Khan et al. [84] proposed a framework with a multicontroller architecture that reduces packet loss and forwarding loops without multidomain controller synchronization in the network using a loop avoidance scheme. The proposed approach collects the link status to assist with load balancing and routing for the imminent flow on the link between domains to improve throughput in real-time and thwart congestion. The study focuses on reachability issues considering packet drops and loop intervention in the interdomain communication when there is a lack of SDN intercontroller communication. Reachability issues occur when packet drops and forwarding loops prevent traffic flows due to the lack of controller synchronization. The study suggested a mechanism, called Avoid Loop with Tests Packet (ALTP), as a loop prevention measure. Its algorithm can also be used to measure the E2E network latency when multidomain controller synchronization is absent.

Routing is another issue that the researchers focused on. The controller may split the flow, where all the split flows utilize one link during the interdomain data transmission. Flows across multipaths are accommodated by the controller, thus improving throughput. To facilitate solutions to the reachability and routing issues, the study [84] proposed a clear illustration for the bandwidth and load balancing in interdomain SDN. The methodology was designed to increase the network’s overall throughput by processing flows on-demand and analyzing the interdomain routing performance. As a result, the proposed methodology improved throughput, reduced the latency of the flow setup process, and reduced the controller workload when compared with a multicontroller architecture.

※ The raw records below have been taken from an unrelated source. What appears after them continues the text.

(* Consider the waning-immunity model described in the context. There exists a constant $C>0$ such that for all sufficiently small $\delta\ge0$, the set of values $I^*$ of endemic equilibria with $I^*\in[0,1]$ is contained in $J_1\cup J_2$, where $J_i=[y_i-C\sqrt\delta,\,y_i+C\sqrt\delta]$ and $y_1\le y_2$ are the (real) roots of $$1+\frac{r}{\beta_0x+\mu}-\frac{\beta_n}{\beta_nx+\mu+\omega_n}-\frac{\omega_n\beta_0}{(\beta_0x+\mu)(\beta_nx+\mu+\omega_n)}=0.$$ In particular, if this equation has no real roots, or no roots in $[0,1]$, then for $\delta$ small enough there are no endemic equilibria with $I^*\in[0,1]$. The latter is the case when $(\omega_n+\mu)(\mu+r)>\beta_0\omega_n+\beta_n\mu$. If $(\omega_n+\mu)(\mu+r)<\beta_0\omega_n+\beta_n\mu$, then the equation has exactly one root $y$ in $[0,1]$; and if $(\omega_n+\mu)(\mu+r)=\beta_0\omega_n+\beta_n\mu$, then $x=0$ is a root.
   Context: Model: Fix an integer $n\ge 1$ and parameters $\delta\ge 0$ (rate of waning immunity), $\omega\ge 0$ (vaccination rate), $r>0$ (recovery rate), $\mu>0$ (birth = death rate), coverages $p_0=0$, $p_1,\dots,p_n\in[0,1]$, and transmission rates $0\le\beta_0\le\beta_1\le\dots\le\beta_n$ with $\beta_0<\beta_n$. Write $\omega_i=p_i\omega$, $\delta_i=(1-p_i)\delta$ (so $\delta_0=\delta$). The ODE system for $(S_0,\dots,S_n,I)$ is $$S_0'=\sum_{i=1}^n\omega_iS_i-\delta S_0+rI-\beta_0IS_0-\mu S_0,$$ $$S_i'=-\omega_iS_i+\delta_{i-1}S_{i-1}-\delta_iS_i-\beta_iIS_i-\mu S_i\quad(1\le i\le n-1),$$ $$S_n'=\mu-\omega_nS_n+\delta_{n-1}S_{n-1}-\beta_nIS_n-\mu S_n,$$ $$I'=I\sum_{i=0}^n\beta_iS_i-rI-\mu I,$$ with the normalization $\sum_iS_i+I=1$. An endemic equilibrium is an equilibrium $(S_0^*,\dots,S_n^*,I^* )$ of this system satisfying the normalization with $I^*\neq0$. *)

theory Defs
  imports Complex_Main
begin

text \<open>Parameters: d = delta (waning rate), w = omega (vaccination rate), r (recovery),
  mu (birth = death rate), coverages p i, transmission rates beta i.
  omega_i = p i * w, delta_i = (1 - p i) * d.\<close>

definition endemic_eq ::
  "nat \<Rightarrow> real \<Rightarrow> real \<Rightarrow> real \<Rightarrow> real \<Rightarrow> (nat \<Rightarrow> real) \<Rightarrow> (nat \<Rightarrow> real)
   \<Rightarrow> (nat \<Rightarrow> real) \<Rightarrow> real \<Rightarrow> bool" where
  "endemic_eq n d w r mu p beta S I \<longleftrightarrow>
     (let om = (\<lambda>i. p i * w); de = (\<lambda>i. (1 - p i) * d) in
       (\<Sum>i=1..n. om i * S i) - d * S 0 + r * I - beta 0 * I * S 0 - mu * S 0 = 0 \<and>
       (\<forall>i\<in>{1..n-1}. - om i * S i + de (i-1) * S (i-1) - de i * S i
                        - beta i * I * S i - mu * S i = 0) \<and>
       mu - om n * S n + de (n-1) * S (n-1) - beta n * I * S n - mu * S n = 0 \<and>
       I * (\<Sum>i=0..n. beta i * S i) - r * I - mu * I = 0 \<and>
       (\<Sum>i=0..n. S i) + I = 1 \<and>
       I \<noteq> 0)"

definition wi_F :: "real \<Rightarrow> real \<Rightarrow> real \<Rightarrow> real \<Rightarrow> real \<Rightarrow> real \<Rightarrow> real" where
  "wi_F r mu b0 bn wn x =
     1 + r / (b0 * x + mu) - bn / (bn * x + mu + wn)
       - wn * b0 / ((b0 * x + mu) * (bn * x + mu + wn))"

definition wi_root :: "real \<Rightarrow> real \<Rightarrow> real \<Rightarrow> real \<Rightarrow> real \<Rightarrow> real \<Rightarrow> bool" where
  "wi_root r mu b0 bn wn x \<longleftrightarrow>
     b0 * x + mu \<noteq> 0 \<and> bn * x + mu + wn \<noteq> 0 \<and> wi_F r mu b0 bn wn x = 0"

end

theory Submission
  imports Defs "HOL-Library.Quadratic_Discriminant"
begin

text \<open>At an endemic equilibrium each intermediate compartment satisfies
  S_i (omega_i + delta_i + beta_i I + mu) = delta_(i-1) S_(i-1), so S_1, ..., S_(n-1) and the
  inflow delta_(n-1) S_(n-1) into S_n are O(delta) S_0, and S_0 itself is bounded. Eliminating S_0
  and S_n from the normalisation and the equation for I shows that I is, up to an error O(delta),
  a root of the quadratic obtained by clearing the denominators of the limiting equation. A
  quadratic that is O(delta) at a point has a root within O(sqrt delta) of it (the square root is
  the price of a double root), and a quadratic without roots in [0,1] is bounded away from zero
  there. The remaining claims are sign considerations: on [0,1] the quadratic has nonnegative
  leading coefficients and constant term (omega_n + mu)(mu + r) - beta_0 omega_n - beta_n mu.\<close>

section \<open>Roots of perturbed quadratics\<close>

lemma quadratic_factor:
  fixes a b c x :: real
  assumes "a \<noteq> 0" and "0 \<le> discrim a b c"
  shows "a * x\<^sup>2 + b * x + c =
    a * (x - (-b + sqrt (discrim a b c)) / (2 * a)) * (x - (-b - sqrt (discrim a b c)) / (2 * a))"
proof -
  define s where "s = sqrt (discrim a b c)"
  have "s * s = b\<^sup>2 - 4 * a * c"
    using assms(2) by (simp add: s_def discrim_def)
  with assms(1) show ?thesis
    unfolding s_def[symmetric] by (simp add: field_simps power2_eq_square) algebra
qed

lemma quadratic_root_sq_dist_le:
  fixes a b c x :: real
  assumes "a \<noteq> 0" and "0 \<le> discrim a b c"
  shows "\<exists>y. a * y\<^sup>2 + b * y + c = 0 \<and> \<bar>a\<bar> * (x - y)\<^sup>2 \<le> \<bar>a * x\<^sup>2 + b * x + c\<bar>"
proof -
  define y1 where "y1 = (-b + sqrt (discrim a b c)) / (2 * a)"
  define y2 where "y2 = (-b - sqrt (discrim a b c)) / (2 * a)"
  have factor: "a * z\<^sup>2 + b * z + c = a * (z - y1) * (z - y2)" for z
    unfolding y1_def y2_def using quadratic_factor[OF assms] .
  obtain y where y: "y = y1 \<or> y = y2" and "\<bar>x - y\<bar> \<le> \<bar>x - y1\<bar>" "\<bar>x - y\<bar> \<le> \<bar>x - y2\<bar>"
    by (metis linear)
  then have "\<bar>x - y\<bar> * \<bar>x - y\<bar> \<le> \<bar>x - y1\<bar> * \<bar>x - y2\<bar>"
    by (intro mult_mono) auto
  then have "\<bar>a\<bar> * (x - y)\<^sup>2 \<le> \<bar>a\<bar> * (\<bar>x - y1\<bar> * \<bar>x - y2\<bar>)"
    by (intro mult_left_mono) (simp_all add: power2_eq_square flip: abs_mult)
  also have "\<dots> = \<bar>a * x\<^sup>2 + b * x + c\<bar>"
    by (simp add: factor abs_mult)
  finally show ?thesis
    using y factor by auto
qed

lemma quadratic_near_real_root:
  fixes a b c d x K :: real
  assumes "a \<noteq> 0" and "0 \<le> discrim a b c" and "0 \<le> d"
    and "\<bar>a * x\<^sup>2 + b * x + c\<bar> \<le> K * d"
  shows "\<exists>y. a * y\<^sup>2 + b * y + c = 0 \<and> \<bar>x - y\<bar> \<le> sqrt (K / \<bar>a\<bar>) * sqrt d"
proof -
  obtain y where y: "a * y\<^sup>2 + b * y + c = 0" and "\<bar>a\<bar> * (x - y)\<^sup>2 \<le> \<bar>a * x\<^sup>2 + b * x + c\<bar>"
    using quadratic_root_sq_dist_le[OF assms(1,2)] by blast
  with assms(1,4) have "(x - y)\<^sup>2 \<le> K / \<bar>a\<bar> * d"
    by (simp add: field_simps)
  then have "\<bar>x - y\<bar> \<le> sqrt (K / \<bar>a\<bar>) * sqrt d"
    by (metis real_sqrt_abs real_sqrt_le_mono real_sqrt_mult)
  with y show ?thesis
    by blast
qed

lemma linear_near_root:
  fixes b c d x K :: real
  assumes "b \<noteq> 0" and "0 \<le> K" and "0 \<le> d" and "d \<le> 1" and "\<bar>b * x + c\<bar> \<le> K * d"
  shows "\<bar>x - -c / b\<bar> \<le> K / \<bar>b\<bar> * sqrt d"
proof -
  have "sqrt d * sqrt d \<le> sqrt d * 1"
    using assms(3,4) by (intro mult_left_mono) auto
  then have "d \<le> sqrt d"
    using assms(3) by simp
  have "\<bar>x - -c / b\<bar> = \<bar>b * x + c\<bar> / \<bar>b\<bar>"
    using assms(1) by (simp add: field_simps flip: abs_divide)
  also have "\<dots> \<le> K * sqrt d / \<bar>b\<bar>"
    using assms(2,5) \<open>d \<le> sqrt d\<close> by (intro divide_right_mono) (auto intro: order_trans mult_left_mono)
  finally show ?thesis
    by simp
qed

lemma discrim_le_quadratic:
  fixes a b c x :: real
  shows "- discrim a b c \<le> 4 * \<bar>a\<bar> * \<bar>a * x\<^sup>2 + b * x + c\<bar>"
proof -
  have "4 * a * (a * x\<^sup>2 + b * x + c) = (2 * a * x + b)\<^sup>2 - discrim a b c"
    by (simp add: discrim_def power2_eq_square algebra_simps)
  then have "- discrim a b c \<le> 4 * a * (a * x\<^sup>2 + b * x + c)"
    by simp
  also have "\<dots> \<le> \<bar>4 * a * (a * x\<^sup>2 + b * x + c)\<bar>"
    by (rule abs_ge_self)
  also have "\<dots> = 4 * \<bar>a\<bar> * \<bar>a * x\<^sup>2 + b * x + c\<bar>"
    by (simp add: abs_mult)
  finally show ?thesis .
qed

lemma quadratic_near_root:
  fixes a b c K :: real
  assumes nonconst: "a \<noteq> 0 \<or> b \<noteq> 0" and K: "0 \<le> K"
  shows "\<exists>C>0. \<exists>d0>0. \<forall>d x. 0 \<le> d \<longrightarrow> d \<le> d0 \<longrightarrow> \<bar>a * x\<^sup>2 + b * x + c\<bar> \<le> K * d \<longrightarrow>
           (\<exists>y. a * y\<^sup>2 + b * y + c = 0 \<and> \<bar>x - y\<bar> \<le> C * sqrt d)"
proof -
  consider (linear) "a = 0" | (real_roots) "a \<noteq> 0" "0 \<le> discrim a b c"
    | (no_real_roots) "a \<noteq> 0" "discrim a b c < 0"
    by linarith
  then show ?thesis
  proof cases
    case linear
    with nonconst have b: "b \<noteq> 0" by simp
    have "\<forall>d x. 0 \<le> d \<longrightarrow> d \<le> 1 \<longrightarrow> \<bar>a * x\<^sup>2 + b * x + c\<bar> \<le> K * d \<longrightarrow>
        (\<exists>y. a * y\<^sup>2 + b * y + c = 0 \<and> \<bar>x - y\<bar> \<le> (K / \<bar>b\<bar> + 1) * sqrt d)"
    proof (intro allI impI)
      fix d x
      assume "0 \<le> d" "d \<le> 1" "\<bar>a * x\<^sup>2 + b * x + c\<bar> \<le> K * d"
      with linear linear_near_root[OF b K] have "\<bar>x - -c / b\<bar> \<le> K / \<bar>b\<bar> * sqrt d"
        by simp
      also have "\<dots> \<le> (K / \<bar>b\<bar> + 1) * sqrt d"
        using \<open>0 \<le> d\<close> by (simp add: algebra_simps)
      finally show "\<exists>y. a * y\<^sup>2 + b * y + c = 0 \<and> \<bar>x - y\<bar> \<le> (K / \<bar>b\<bar> + 1) * sqrt d"
        using linear b by (intro exI[of _ "-c / b"]) simp
    qed
    moreover have "0 < K / \<bar>b\<bar> + 1"
      using K by (simp add: add_nonneg_pos)
    ultimately show ?thesis
      using zero_less_one by blast
  next
    case real_roots
    have "\<forall>d x. 0 \<le> d \<longrightarrow> d \<le> 1 \<longrightarrow> \<bar>a * x\<^sup>2 + b * x + c\<bar> \<le> K * d \<longrightarrow>
        (\<exists>y. a * y\<^sup>2 + b * y + c = 0 \<and> \<bar>x - y\<bar> \<le> (sqrt (K / \<bar>a\<bar>) + 1) * sqrt d)"
    proof (intro allI impI)
      fix d x
      assume "0 \<le> d" "d \<le> 1" "\<bar>a * x\<^sup>2 + b * x + c\<bar> \<le> K * d"
      then obtain y where "a * y\<^sup>2 + b * y + c = 0" and "\<bar>x - y\<bar> \<le> sqrt (K / \<bar>a\<bar>) * sqrt d"
        using quadratic_near_real_root[OF real_roots] by blast
      moreover have "sqrt (K / \<bar>a\<bar>) * sqrt d \<le> (sqrt (K / \<bar>a\<bar>) + 1) * sqrt d"
        using \<open>0 \<le> d\<close> by (simp add: algebra_simps)
      ultimately show "\<exists>y. a * y\<^sup>2 + b * y + c = 0 \<and> \<bar>x - y\<bar> \<le> (sqrt (K / \<bar>a\<bar>) + 1) * sqrt d"
        by (blast intro: order_trans)
    qed
    moreover have "0 < sqrt (K / \<bar>a\<bar>) + 1"
      using K by (simp add: add_nonneg_pos)
    ultimately show ?thesis
      using zero_less_one by blast
  next
    case no_real_roots
    define d0 where "d0 = - discrim a b c / (4 * \<bar>a\<bar> * (K + 1))"
    have "0 < d0"
      using no_real_roots K unfolding d0_def by (intro divide_pos_pos) auto
    have "K * d < \<bar>a * x\<^sup>2 + b * x + c\<bar>" if "0 \<le> d" "d \<le> d0" for d x
    proof -
      have "4 * \<bar>a\<bar> * (K * d) \<le> 4 * \<bar>a\<bar> * (K * d0)"
        using that K by (simp add: mult_left_mono)
      also have "\<dots> < 4 * \<bar>a\<bar> * ((K + 1) * d0)"
        using \<open>0 < d0\<close> no_real_roots(1) by simp
      also have "\<dots> = - discrim a b c"
        using no_real_roots(1) K by (simp add: d0_def)
      also have "\<dots> \<le> 4 * \<bar>a\<bar> * \<bar>a * x\<^sup>2 + b * x + c\<bar>"
        by (rule discrim_le_quadratic)
      finally show ?thesis
        using no_real_roots(1) by simp
    qed
    with \<open>0 < d0\<close> show ?thesis
      by (intro exI[of _ 1] exI[of _ d0]) (auto simp: not_le[symmetric])
  qed
qed

lemma quadratic_nonneg_root_unique:
  fixes a b c y z :: real
  assumes "0 \<le> a" and "c < 0" and "0 \<le> y" and "0 \<le> z"
    and "a * y\<^sup>2 + b * y + c = 0" and "a * z\<^sup>2 + b * z + c = 0"
  shows "z = y"
proof (rule ccontr)
  assume "z \<noteq> y"
  moreover have "(z - y) * (a * (z + y) + b) = 0"
    using assms(5,6) by (simp add: power2_eq_square algebra_simps)
  ultimately have "b = - a * (z + y)"
    by simp
  with assms(6) have "c = a * z * y"
    by (simp add: power2_eq_square algebra_simps)
  moreover have "0 \<le> a * z * y"
    using assms(1,3,4) by simp
  ultimately show False
    using assms(2) by simp
qed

The ALTP scheme module [84] calculates the source and border node shortest delay path using test packets to facilitate interdomain flows. The result is employed in the load balancing and flow management modules. The load balancing module balances the flow among the shortest paths. Finally, the flow management module moves interdomain flows to the related border switches. This study affirms the usefulness of a flat architecture in terms of network performance when compared to a hierarchical control architecture. Nonetheless, the hierarchical architecture emerges as a better approach in terms of the network scalability and resilience, when compared to flat and single-controller architectures. The extensive experiment results in the study reveal the efficiency of the ALTP scheme in minimizing the latency of the flow setup and fully utilizing the controller workload. The link-load balancing facilitates the multidomain flow throughput improvement. However, this article did not fully consider the resilience and reliability of the control layer.

A summary of the limitations of published work found during the literature review is provided in Table 3.

7. Challenges

7.1. Multidomain SDN Challenges

The proposed multidomain SDN-based solutions have not been fully realized and a number of challenges remain. In this section, the challenges are identified and briefly described.

7.1.1. SDN Controller Placement

In a centralized SDN controller architecture, the responsible controller is connected to forwarding devices. In that design, when the central controller is at risk and fails, the whole network will be tumbled. To address this issue, organizations need to understand the main functions of the central controller as well as increase the reliability of the SDN network; for example, safeguard the central controller in terms of network security and have a backup of the central controller [90]. The SDN controller placement is critical in determining how network control and administration are carried out. In the same context, the SDN paradigm should be implemented in such a way that it is able to handle the routing and forwarding functions in AS [37]. However, the position of the SDN controller in a network implies differences in the configuration of the SDN controller to ensure that it adequately meets the network requirement expectations.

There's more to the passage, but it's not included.